Carefully, Jian lifted the violin that was resting on his knee like a beloved cat and set it inside its battered case. A moment later, Sparrow felt a light rain beginning to fall.
“I’ll pay him a visit this evening,” Jian said. “If he agrees, we can go and see him tomorrow. Your timing is perfect because he’s been on my mind recently. Teacher Ai is not a young man and he lives all alone.”
He began to gather the tea things. When they stood to help him, he smiled and laughed again, and he seemed a young man, younger than they, as if his eye would never grow old and it carried him along, subtly renewed.
—
Sparrow woke before dawn.
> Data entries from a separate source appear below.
lemma ell2_fun_common_indicator:
  assumes "\<And>k. k < N \<Longrightarrow> h k = indicator U"
  shows "ell2_fun N h = (\<lambda>x. sqrt (real N) * indicator U x)"
proof
  fix x
  have "(\<Sum>k<N. (cmod (h k x))\<^sup>2) = real N * indicator U x"
    using assms by (simp add: indicator_def)
  then show "ell2_fun N h x = sqrt (real N) * indicator U x"
    by (simp add: ell2_fun_def indicator_def)
qed

lemma lebesgue_measurable_translation:
  "(\<lambda>x::'a::euclidean_space. x + t) \<in> lebesgue \<rightarrow>\<^sub>M lebesgue"
  using lebesgue_affine_measurable[of "\<lambda>_. 1" t]
  by (simp add: euclidean_representation add.commute)

lemma borel_measurable_S_op:
  assumes "f k \<in> borel_measurable lebesgue" "g k \<in> borel_measurable lebesgue"
  shows "S_op \<alpha> \<rho> f g k \<in> borel_measurable lebesgue"
proof -
  have "(\<lambda>x. f k (x + \<rho> *\<^sub>R \<alpha> k)) \<in> borel_measurable lebesgue"
    by (rule measurable_compose[OF lebesgue_measurable_translation assms(1)])
  moreover have "(\<lambda>x. g k (x + - \<alpha> k)) \<in> borel_measurable lebesgue"
    by (rule measurable_compose[OF lebesgue_measurable_translation assms(2)])
  ultimately show ?thesis
    unfolding S_op_def by simp
qed

lemma S_opnorm_ge_ratio:
  assumes f: "\<And>k. k < N \<Longrightarrow> f k \<in> borel_measurable lebesgue" "Lp_ell2_norm p N f = ereal P" "P > 0"
    and g: "\<And>k. k < N \<Longrightarrow> g k \<in> borel_measurable lebesgue" "Lp_ell2_norm q N g = ereal Q" "Q > 0"
    and pqr: "p > 0" "q > 0" "r > 0"
  shows "ereal (1 / (P * Q)) * Lp_ell2_norm r N (S_op \<alpha> \<rho> f g) \<le> S_opnorm p q r N \<alpha> \<rho>"
proof -
  define f' where "f' = (\<lambda>k x. complex_of_real (1 / P) * f k x)"
  define g' where "g' = (\<lambda>k x. complex_of_real (1 / Q) * g k x)"
  have "Lp_ell2_norm p N f' = 1"
    using f pqr Lp_ell2_norm_cmult[of N f "complex_of_real (1 / P)" p] by (simp add: f'_def norm_divide)
  moreover have "Lp_ell2_norm q N g' = 1"
    using g pqr Lp_ell2_norm_cmult[of N g "complex_of_real (1 / Q)" q] by (simp add: g'_def norm_divide)
  moreover have "\<forall>k<N. f' k \<in> borel_measurable lebesgue \<and> g' k \<in> borel_measurable lebesgue"
    using f g by (simp add: f'_def g'_def)
  ultimately have "Lp_ell2_norm r N (S_op \<alpha> \<rho> f' g') \<le> S_opnorm p q r N \<alpha> \<rho>"
    unfolding S_opnorm_def by (blast intro: Sup_upper)
  moreover have "S_op \<alpha> \<rho> f' g' = (\<lambda>k x. complex_of_real (1 / (P * Q)) * S_op \<alpha> \<rho> f g k x)"
    by (simp add: S_op_def f'_def g'_def fun_eq_iff)
  moreover have "Lp_ell2_norm r N (\<lambda>k x. complex_of_real (1 / (P * Q)) * S_op \<alpha> \<rho> f g k x)
      = ereal (1 / (P * Q)) * Lp_ell2_norm r N (S_op \<alpha> \<rho> f g)"
    using f g pqr Lp_ell2_norm_cmult[of N "S_op \<alpha> \<rho> f g" "complex_of_real (1 / (P * Q))" r]
    by (simp add: borel_measurable_S_op norm_divide norm_mult)
  ultimately show ?thesis
    by simp
qed

lemma obtain_separation_radius:
  fixes \<alpha> :: "'i \<Rightarrow> 'a::real_normed_vector"
  assumes "finite I" "inj_on \<alpha> I" "\<delta> > 0"
  obtains e where "e > 0"
    "\<And>i j c. i \<in> I \<Longrightarrow> j \<in> I \<Longrightarrow> i \<noteq> j \<Longrightarrow> \<delta> \<le> \<bar>c\<bar> \<Longrightarrow> 2 * e \<le> dist (c *\<^sub>R \<alpha> i) (c *\<^sub>R \<alpha> j)"
proof
  define D where "D = (\<lambda>(i, j). dist (\<alpha> i) (\<alpha> j)) ` {(i, j) \<in> I \<times> I. i \<noteq> j}"
  define d where "d = Min (insert 1 D)"
  have "finite D"
    by (rule finite_subset[of _ "(\<lambda>(i, j). dist (\<alpha> i) (\<alpha> j)) ` (I \<times> I)"])
      (use assms(1) in \<open>auto simp: D_def\<close>)
  moreover have "\<forall>x\<in>D. x > 0"
    using assms(2) by (auto simp: D_def inj_on_def)
  ultimately have d_pos: "d > 0"
    by (simp add: d_def)
  have d_le: "d \<le> dist (\<alpha> i) (\<alpha> j)" if "i \<in> I" "j \<in> I" "i \<noteq> j" for i j
  proof -
    have "dist (\<alpha> i) (\<alpha> j) \<in> D"
      unfolding D_def using that by (intro image_eqI[where x = "(i, j)"]) auto
    then show ?thesis
      unfolding d_def using \<open>finite D\<close> by (intro Min_le) auto
  qed
  show "\<delta> * d / 2 > 0"
    using assms(3) d_pos by simp
  fix i j and c :: real
  assume "i \<in> I" "j \<in> I" "i \<noteq> j" "\<delta> \<le> \<bar>c\<bar>"
  then have "\<delta> * d \<le> \<bar>c\<bar> * dist (\<alpha> i) (\<alpha> j)"
    using assms(3) d_pos d_le by (intro mult_mono) auto
  also have "\<dots> = dist (c *\<^sub>R \<alpha> i) (c *\<^sub>R \<alpha> j)"
    by (simp add: dist_norm scaleR_diff_right[symmetric])
  finally show "2 * (\<delta> * d / 2) \<le> dist (c *\<^sub>R \<alpha> i) (c *\<^sub>R \<alpha> j)"
    by simp
qed

lemma disjoint_family_on_separated_balls:
  assumes "\<And>i j. i \<in> I \<Longrightarrow> j \<in> I \<Longrightarrow> i \<noteq> j \<Longrightarrow> 2 * e \<le> dist (z i) (z j)"
  shows "disjoint_family_on (\<lambda>k. ball (z k) e) I"
  unfolding disjoint_family_on_def
proof (intro ballI impI equals0I)
  fix i j y
  assume "i \<in> I" "j \<in> I" "i \<noteq> j" "y \<in> ball (z i) e \<inter> ball (z j) e"
  then have "dist (z i) (z j) < 2 * e" "2 * e \<le> dist (z i) (z j)"
    using assms dist_triangle_less_add[of "z i" y e "z j" e] by (auto simp: dist_commute)
  then show False
    by simp
qed

lemma Lp_ell2_norm_separated_balls:
  fixes z :: "nat \<Rightarrow> real^'n"
  assumes "e > 0" "N \<ge> 1" "s > 0"
    and sep: "\<And>i j. i < N \<Longrightarrow> j < N \<Longrightarrow> i \<noteq> j \<Longrightarrow> 2 * e \<le> dist (z i) (z j)"
    and h: "\<And>k. k < N \<Longrightarrow> h k = indicator (ball (z k) e)"
  shows "Lp_ell2_norm s N h = ereal ((real N * measure lebesgue (ball (0::real^'n) e)) powr inv_exp s)"
proof -
  define U where "U = (\<Union>k<N. ball (z k) e)"
  have disjoint: "disjoint_family_on (\<lambda>k. ball (z k) e) {..<N}"
    using sep by (intro disjoint_family_on_separated_balls) auto
  have "emeasure lebesgue U = (\<Sum>k<N. emeasure lebesgue (ball (z k) e))"
    unfolding U_def using disjoint by (intro sum_emeasure[symmetric]) auto
  also have "\<dots> = ennreal (real N * measure lebesgue (ball (0::real^'n) e))"
    using assms(1) by (simp add: emeasure_eq_measure2 content_ball ennreal_of_nat_eq_real_of_nat ennreal_mult)
  finally have emeasure_U: "emeasure lebesgue U = ennreal (real N * measure lebesgue (ball (0::real^'n) e))" .
  have "Ls_norm s (indicator U) = ereal (measure lebesgue U powr inv_exp s)"
    using assms(1-3) emeasure_U by (intro Ls_norm_indicator) (auto simp: U_def)
  then show ?thesis
    using emeasure_U ell2_fun_disjoint_indicators[OF disjoint h]
    by (simp add: Lp_ell2_norm_def U_def measure_def)
qed

lemma Lp_ell2_norm_common_ball:
  fixes z :: "real^'n"
  assumes "e > 0" "N \<ge> 1" "s > 0"
    and h: "\<And>k. k < N \<Longrightarrow> h k = indicator (ball z e)"
  shows "Lp_ell2_norm s N h = ereal (sqrt (real N) * measure lebesgue (ball (0::real^'n) e) powr inv_exp s)"
proof -
  have "Ls_norm s (indicator (ball z e)) = ereal (measure lebesgue (ball (0::real^'n) e) powr inv_exp s)"
    using assms(1,3) by (simp add: Ls_norm_indicator emeasure_eq_measure2 content_ball)
  moreover have "Ls_norm s (\<lambda>x. sqrt (real N) * indicator (ball z e) x)
      = ereal (sqrt (real N)) * Ls_norm s (indicator (ball z e))"
    using assms(2,3) by (intro Ls_norm_cmult borel_measurable_indicator) auto
  ultimately show ?thesis
    by (simp add: Lp_ell2_norm_def ell2_fun_common_indicator[OF h])
qed

lemma S_op_indicator_balls:
  assumes "u k = w k + \<rho> *\<^sub>R \<alpha> k" "v k = w k - \<alpha> k"
  shows "S_op \<alpha> \<rho> (\<lambda>k. indicator (ball (u k) e)) (\<lambda>k. indicator (ball (v k) e)) k
    = (indicator (ball (w k) e) :: real^'n \<Rightarrow> complex)"
proof
  fix x
  have "x + \<rho> *\<^sub>R \<alpha> k \<in> ball (u k) e \<longleftrightarrow> x \<in> ball (w k) e"
    "x - \<alpha> k \<in> ball (v k) e \<longleftrightarrow> x \<in> ball (w k) e"
    using assms by (simp_all add: dist_norm algebra_simps)
  then show "S_op \<alpha> \<rho> (\<lambda>k. indicator (ball (u k) e)) (\<lambda>k. indicator (ball (v k) e)) k x
      = indicator (ball (w k) e) x"
    by (simp add: S_op_def indicator_def)
qed

lemma S_opnorm_ge_balls:
  fixes u v w :: "nat \<Rightarrow> real^'n"
  assumes "p > 0" "q > 0" "r > 0" "N \<ge> 1" "e > 0"
    and uvw: "\<And>k. u k = w k + \<rho> *\<^sub>R \<alpha> k" "\<And>k. v k = w k - \<alpha> k"
    and sep: "\<And>i j. i < N \<Longrightarrow> j < N \<Longrightarrow> i \<noteq> j \<Longrightarrow> 2 * e \<le> dist (w i) (w j)"
    and P: "Lp_ell2_norm p N (\<lambda>k. indicator (ball (u k) e)) = ereal P" "P > 0"
    and Q: "Lp_ell2_norm q N (\<lambda>k. indicator (ball (v k) e)) = ereal Q" "Q > 0"
  shows "ereal ((real N * measure lebesgue (ball (0::real^'n) e)) powr inv_exp r / (P * Q))
    \<le> S_opnorm p q r N \<alpha> \<rho>"
proof -
  have "S_op \<alpha> \<rho> (\<lambda>k. indicator (ball (u k) e)) (\<lambda>k. indicator (ball (v k) e)) k = indicator (ball (w k) e)" for k
    using uvw by (rule S_op_indicator_balls)
  then have "Lp_ell2_norm r N (S_op \<alpha> \<rho> (\<lambda>k. indicator (ball (u k) e)) (\<lambda>k. indicator (ball (v k) e)))
      = ereal ((real N * measure lebesgue (ball (0::real^'n) e)) powr inv_exp r)"
    using assms by (intro Lp_ell2_norm_separated_balls) auto
  moreover have "ereal (1 / (P * Q)) * Lp_ell2_norm r N (S_op \<alpha> \<rho> (\<lambda>k. indicator (ball (u k) e)) (\<lambda>k. indicator (ball (v k) e)))
      \<le> S_opnorm p q r N \<alpha> \<rho>"
    using assms by (intro S_opnorm_ge_ratio) (auto simp: borel_measurable_indicator)
  ultimately show ?thesis
    by simp
qed

lemma powr_ratio_sqrt:
  fixes N V x y :: real
  assumes "N > 0" "V > 0"
  shows "(N * V) powr (x + y) / (sqrt N * V powr x * (N * V) powr y) = N powr (x - 1/2)"
proof -
  have "sqrt N = N powr (1/2)"
    using assms by (simp add: powr_half_sqrt)
  moreover have "N powr x = N powr (1/2) * N powr (x - 1/2)"
    by (simp add: powr_add[symmetric])
  ultimately show ?thesis
    using assms by (simp add: powr_add powr_mult field_simps)
qed

lemma S_opnorm_lower_bound_p:
  fixes \<alpha> :: "nat \<Rightarrow> real^'n"
  assumes pqr: "p > 0" "q > 0" "r > 0" "inv_exp p + inv_exp q = inv_exp r"
    and N: "N \<ge> 1" and inj: "inj_on \<alpha> {..<N}" and \<rho>: "\<rho> > 0"
  shows "ereal (real N powr (inv_exp p - 1/2)) \<le> S_opnorm p q r N \<alpha> \<rho>"
proof -
  obtain e where e: "e > 0" and sep: "\<And>i j c. i < N \<Longrightarrow> j < N \<Longrightarrow> i \<noteq> j \<Longrightarrow> min 1 \<rho> \<le> \<bar>c\<bar> \<Longrightarrow>
      2 * e \<le> dist (c *\<^sub>R \<alpha> i) (c *\<^sub>R \<alpha> j)"
    using obtain_separation_radius[of "{..<N}" \<alpha> "min 1 \<rho>"] inj \<rho> by auto
  define V where "V = measure lebesgue (ball (0::real^'n) e)"
  have V: "V > 0"
    using e by (simp add: V_def)
  have "Lp_ell2_norm p N (\<lambda>k. indicator (ball (0::real^'n) e)) = ereal (sqrt (real N) * V powr inv_exp p)"
    unfolding V_def using e N pqr by (intro Lp_ell2_norm_common_ball) auto
  moreover have "Lp_ell2_norm q N (\<lambda>k. indicator (ball ((- 1 - \<rho>) *\<^sub>R \<alpha> k) e))
      = ereal ((real N * V) powr inv_exp q)"
    unfolding V_def using e N pqr \<rho> by (intro Lp_ell2_norm_separated_balls) (auto intro!: sep)
  ultimately have "ereal ((real N * V) powr inv_exp r / (sqrt (real N) * V powr inv_exp p * (real N * V) powr inv_exp q))
      \<le> S_opnorm p q r N \<alpha> \<rho>"
    using e N pqr \<rho> V unfolding V_def
    by (intro S_opnorm_ge_balls[where w = "\<lambda>k. (- \<rho>) *\<^sub>R \<alpha> k"] sep) (auto simp: algebra_simps)
  then show ?thesis
    using powr_ratio_sqrt[of "real N" V "inv_exp p" "inv_exp q"] N V pqr(4) by simp
qed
In the small room, shapes swam out of the darkness: a writing table and the spindly leaves of a spider plant, peeling wallpaper and a cloth cap hunched over a hook on the door. Kai’s breathing seemed to come from the bed itself: from the long pillow they shared and a quilt rumpled around them. Sparrow felt aware of every creak of the bed and the window frames, of the nearness of the wall and of Kai. He heard the low splash of water falling into a bucket followed by silence, and wondered if the gentleman violinist was this very moment slipping the glass eye into its orbit. He recalled how the prosthetic had not stayed still but had moved minutely as Jian spoke. It shifted more slowly than the other eye as if it had a mind of its own. Kai was awake now. He turned onto his side and lightly touched Sparrow’s jaw and neck, above the curve of Sparrow’s collarbone. This near to one another, it was impossible to hide. All his life, he had slept on mats and narrow cots beside his brothers and his classmates, but for the first time he felt the intimacy of what it meant to lie beside another person. The sudden heat in Sparrow’s skin grew shameful and humiliating but Kai did not turn away. He left his hand where it was, and then he laid his palm flat against Sparrow’s chest as if to hold him where he was, always at a remove yet always near. Desire, or something so small as love, was subservient to revolution; this truth he knew, but the truth Sparrow felt led to another life entirely. He knew, or feared, they could not be reconciled. Outside, they heard the old man humming to himself. Kai drew back, pushed the cover aside and got out of the bed.